И.Кольцов, например, в статье 1882 года "В защиту интеллигенции", определив, что единственным объединяющим элементом, принципом, конституирующим интеллигенцию как социальную группу, является собственно идея, пишет: ...своего, действительно общего, отличительного и объединяющего, у интеллигенции нет ничего, кроме известного нравственного настроения, идеи, а затем и соответствующей деятельности..." И дальше:

Как голод побуждает человека к работе, к эмиграции, к разбою так точно этот нравственный голод порождает современного интеллигентного подвижника. Он - логический и неизбежный результат современного состояния русского общества... Жизнь с ее неправдою, поруганием идеалов фонтатизирует нравственное чувство отдельных личностей и неудержимо гонит их к отыскиванию способов восстановить нарушенное равновесие, осуществит правду совести в действительной жизни. (37.cc.16, 21)

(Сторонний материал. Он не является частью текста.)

lemma abelian_power_map:
  assumes "abelian_power k w"
  shows "abelian_power k (map f w)"
proof -
  obtain us where us: "length us = k" "concat us = w"
    "\<forall>p<k. \<forall>q<k. \<forall>a. count_list (us ! p) a = count_list (us ! q) a"
    using assms unfolding abelian_power_def by blast
  have counts: "count_list (map f (us ! p)) b = count_list (map f (us ! q)) b"
    if "p < k" "q < k" for p q b
  proof -
    have "count_list (us ! p) a = count_list (us ! q) a" for a using us(3) that by blast
    then have "mset (us ! p) = mset (us ! q)" by (simp add: multiset_eq_iff count_mset)
    then have "mset (map f (us ! p)) = mset (map f (us ! q))" by simp
    then show ?thesis by (rule mset_eq_length_filter)
  qed
  show ?thesis
    unfolding abelian_power_def
  proof (intro conjI exI[of _ "map (map f) us"])
    show "map f w \<noteq> []" using assms by (simp add: abelian_power_def)
    show "length (map (map f) us) = k" using us(1) by simp
    show "concat (map (map f) us) = map f w" unfolding us(2)[symmetric] by (simp add: map_concat)
    show "\<forall>p<k. \<forall>q<k. \<forall>b. count_list (map (map f) us ! p) b = count_list (map (map f) us ! q) b"
      using counts us(1) by (metis length_map nth_map)
  qed
qed

lemma abelian_power_free_inf_comp:
  assumes "inj_on f (range w)" and "abelian_power_free_inf k w"
  shows "abelian_power_free_inf k (f \<circ> w)"
  unfolding abelian_power_free_inf_def
proof (intro allI impI notI)
  fix i j :: nat
  assume "i < j" and "abelian_power k (factor (f \<circ> w) i j)"
  moreover have "factor (f \<circ> w) i j = map f (factor w i j)" unfolding factor_def by simp
  ultimately have "abelian_power k (map f (factor w i j))" by simp
  then have "abelian_power k (map (inv_into (range w) f) (map f (factor w i j)))"
    by (rule abelian_power_map)
  moreover have "inv_into (range w) f (f (w n)) = w n" for n
    using assms(1) by (simp add: inv_into_f_f)
  then have "map (inv_into (range w) f) (map f (factor w i j)) = factor w i j"
    unfolding factor_def by simp
  ultimately show False
    using assms(2) \<open>i < j\<close> unfolding abelian_power_free_inf_def by simp
qed

lemma pseudo_power_free_inf_if_abelian_power_free_inf:
  assumes "\<And>u. u \<in> lists S \<Longrightarrow> \<theta> u = rev (map t u)"
    and "\<And>a. a \<in> S \<Longrightarrow> t a \<in> S \<Longrightarrow> t a = a"
    and "\<And>n. x n \<in> S" and "abelian_power_free_inf k x"
  shows "pseudo_power_free_inf \<theta> k x"
  unfolding pseudo_power_free_inf_def
proof (intro allI impI notI)
  fix i j :: nat
  assume "i < j" and "pseudo_power \<theta> k (factor x i j)"
  moreover have "factor x i j \<in> lists S" using assms(3) unfolding factor_def by auto
  ultimately have "abelian_power k (factor x i j)"
    using pseudo_power_imp_abelian_power[OF assms(1,2)] by blast
  then show False using assms(4) \<open>i < j\<close> unfolding abelian_power_free_inf_def by blast
qed

theorem mainTheorem13:
  fixes k l :: nat
  assumes "k \<ge> 2" and "l \<ge> 1"
    and "\<exists>w :: nat \<Rightarrow> nat. (\<forall>n. w n < l) \<and> abelian_power_free_inf k w"
  shows "\<forall>(\<Sigma> :: 'a set) \<theta>. finite \<Sigma> \<and> card \<Sigma> = 2 * l - 1 \<and> antimorphic_involution \<Sigma> \<theta> \<longrightarrow>
           (\<exists>x :: nat \<Rightarrow> 'a. (\<forall>n. x n \<in> \<Sigma>) \<and> pseudo_power_free_inf \<theta> k x)"
proof (intro allI impI)
  fix \<Sigma> :: "'a set" and \<theta>
  assume "finite \<Sigma> \<and> card \<Sigma> = 2 * l - 1 \<and> antimorphic_involution \<Sigma> \<theta>"
  then have fin: "finite \<Sigma>" and card: "card \<Sigma> = 2 * l - 1" and A: "antimorphic_involution \<Sigma> \<theta>"
    by auto
  obtain w :: "nat \<Rightarrow> nat" where w: "\<forall>n. w n < l" "abelian_power_free_inf k w"
    using assms(3) by blast
  let ?t = "letter_involution \<theta>"
  obtain S where S: "S \<subseteq> \<Sigma>" "card \<Sigma> \<le> 2 * card S"
    and no_pairs: "\<And>a. a \<in> S \<Longrightarrow> ?t a \<in> S \<Longrightarrow> ?t a = a"
    using involution_transversal[OF fin antimorphic_involution_singleton(2)[OF A]
        letter_involution_involutive[OF A]] by blast
  have rev_map: "\<theta> u = rev (map ?t u)" if "u \<in> lists S" for u
  proof -
    have "u \<in> lists \<Sigma>" using that S(1) by auto
    then show ?thesis by (rule antimorphic_involution_eq_rev_map[OF A])
  qed
  have "finite S" using fin S(1) by (rule finite_subset[rotated])
  moreover have "card {0..<l} \<le> card S" using S(2) card assms(2) by simp
  ultimately obtain f where f: "f ` {0..<l} \<subseteq> S" "inj_on f {0..<l}"
    using card_le_inj[OF finite_atLeastLessThan] by blast
  have w_range: "range w \<subseteq> {0..<l}" using w(1) by auto
  have x_S: "(f \<circ> w) n \<in> S" for n using f(1) w(1) by auto
  have "abelian_power_free_inf k (f \<circ> w)"
    using abelian_power_free_inf_comp[OF inj_on_subset[OF f(2) w_range] w(2)] .
  then have "pseudo_power_free_inf \<theta> k (f \<circ> w)"
    using pseudo_power_free_inf_if_abelian_power_free_inf[where x = "f \<circ> w"] rev_map no_pairs x_S
    by blast
  then show "\<exists>x :: nat \<Rightarrow> 'a. (\<forall>n. x n \<in> \<Sigma>) \<and> pseudo_power_free_inf \<theta> k x"
    using x_S S(1) by blast
qed

end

Дальнейшее развитие этого “нравственного чувства” идет по схеме, указанной Бодрийяром. Субъективные ценности, рожденные вполне конкретной ситуацией, сначала экстраполируются на более широкие группы, а затем отождествляются с понятиями, не имеющими четко выраженного субъективного (классового, национального и т.п.) фундамента, превращаясь тем самым в ценности "универсальные", "нейтральные" и "абсолютные", выступающие в общественном мнении в качестве "общепринятых".

Концепция "критической личности", активно разрабатывавшаяся П.Лавровым ярко демонстрирует подобную эволюцию. "Народный дух,- писал Лавров,- в данную эпоху есть дух критически мыслящих личностей данной эпохи, понимающих и желающих внести в его настоящее возможно больше истины и справедливости..."(38.c.252) "Личности, выработавшие в себе критическую мысль, приобрели тем самым право быть деятелями прогресса, право бороться с отжившими общественными формами" (38.c.261). Показательно уравнивание "народного духа" с "духом критических личностей", чьей единственной заслугой является способность публично "озвучить" собственную несовместимость с тем или иным порядком вещей. Важен и другой момент - выступая в качестве оппозиции по отношению к status quo интеллектуалы-идеологи вновь и вновь оказываются в той же самой спирали противоречий между различными способами изменения реальности, что и интеллектуалы-эксперты. Иными словами, проблематика власти вновь является определяющей для социального статуса данной группы. Характеризуя сходную ситуацию, сложившуюся среди интеллектуалов Франции, Режи Дебрэ, историк и советник Ф. Миттерана, заметил, что подобного рода критика “общественных нравов” является, безусловно, политическим действием, поскольку её цель заключается в руководстве людьми, в изменении того направления их развития, представление о котором они получили независимо от интеллигенции. “Становясь властителями (Directoire) общественного мнения, интеллигенция вступает в конкуренцию с другими политическими силами, вне зависимости от того насколько аполитичной она хотела бы оставаться...” (2.c.129)

Тезис о "критичности интеллигенции", использованный Лавровым и его многочисленными последователями, не случаен, и в своей основе отражает приверженность интеллектуалов некоему высшему идеалу - знанию, с позиций которого формируется отношение к реальности и определяется траектория движения интеллигенции в обществе. Но, как писал Р. Барт, "критике предшествует оценка"(39.c.400), критика по определению есть соотнесение конкретного факта с идеалом, носящим нормативный характер, - т.е., не имеющим аналога в “реальной” жизни. Иными словами, цель критики вовсе не в том, чтобы преодолеть несовпадение, конфликт, антагонизм между “нормативным” идеалом и “существующей” реальностью. Цель критики в постоянном обнаружении подобного несовпадения, благодаря которому и становится возможным само существование “идеала”.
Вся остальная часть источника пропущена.